:: Data to use ::

definition outward_unit_normal :: "pt set \<Rightarrow> pt \<Rightarrow> pt \<Rightarrow> bool" where
  "outward_unit_normal D x0 n \<longleftrightarrow> x0 \<in> frontier D \<and>
     (\<exists>r rho g. C1_boundary_chart D x0 r rho g \<and> n = (1 / norm (g x0)) *\<^sub>R g x0)"

definition tangent_reflect :: "pt \<Rightarrow> pt \<Rightarrow> pt \<Rightarrow> pt" where
  "tangent_reflect x0 n x = x - (2 * ((x - x0) \<bullet> n)) *\<^sub>R n"

text \<open>The class Sigma_theta with cos theta = c (here c = 1/sqrt 5), w.r.t. the normal field nu.\<close>
definition in_Sigma :: "real \<Rightarrow> pt set \<Rightarrow> (pt \<Rightarrow> pt) \<Rightarrow> bool" where
  "in_Sigma c D nu \<longleftrightarrow> (\<forall>x0\<in>frontier D.
      x0 \<bullet> nu x0 \<ge> 0 \<and>
      \<not> (\<exists>x\<in>D. ((1 / norm (x - x0)) *\<^sub>R (x - x0)) \<bullet> nu x0 \<ge> c) \<and>
      tangent_reflect x0 (nu x0) ` {x \<in> D. (x - x0) \<bullet> nu x0 \<ge> 0} \<subseteq> D)"

definition psi :: "pt set \<Rightarrow> pt \<Rightarrow> real" where
  "psi D x = (1 / (2 * pi)) * (LINT y:D|lborel. ln (norm (x - y)))"

definition phi :: "pt set \<Rightarrow> real \<Rightarrow> real \<Rightarrow> pt \<Rightarrow> real" where
  "phi D \<Omega> \<mu> x = \<mu> + (1/2) * \<Omega> * (norm x)^2 - psi D x"

definition refl_pt :: "real \<Rightarrow> pt \<Rightarrow> pt" where
  "refl_pt lam x = (\<chi> i. if i = 1 then 2 * lam - x $ 1 else x $ i)"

:::

#### Problem description
Write out exactly the lines from the line with "text \<open>The class" to the close of the listing above, including both of those lines.

#### Answer
text \<open>The class Sigma_theta with cos theta = c (here c = 1/sqrt 5), w.r.t. the normal field nu.\<close>
definition in_Sigma :: "real \<Rightarrow> pt set \<Rightarrow> (pt \<Rightarrow> pt) \<Rightarrow> bool" where
  "in_Sigma c D nu \<longleftrightarrow> (\<forall>x0\<in>frontier D.
      x0 \<bullet> nu x0 \<ge> 0 \<and>
      \<not> (\<exists>x\<in>D. ((1 / norm (x - x0)) *\<^sub>R (x - x0)) \<bullet> nu x0 \<ge> c) \<and>
      tangent_reflect x0 (nu x0) ` {x \<in> D. (x - x0) \<bullet> nu x0 \<ge> 0} \<subseteq> D)"

definition psi :: "pt set \<Rightarrow> pt \<Rightarrow> real" where
  "psi D x = (1 / (2 * pi)) * (LINT y:D|lborel. ln (norm (x - y)))"

definition phi :: "pt set \<Rightarrow> real \<Rightarrow> real \<Rightarrow> pt \<Rightarrow> real" where
  "phi D \<Omega> \<mu> x = \<mu> + (1/2) * \<Omega> * (norm x)^2 - psi D x"

definition refl_pt :: "real \<Rightarrow> pt \<Rightarrow> pt" where
  "refl_pt lam x = (\<chi> i. if i = 1 then 2 * lam - x $ 1 else x $ i)"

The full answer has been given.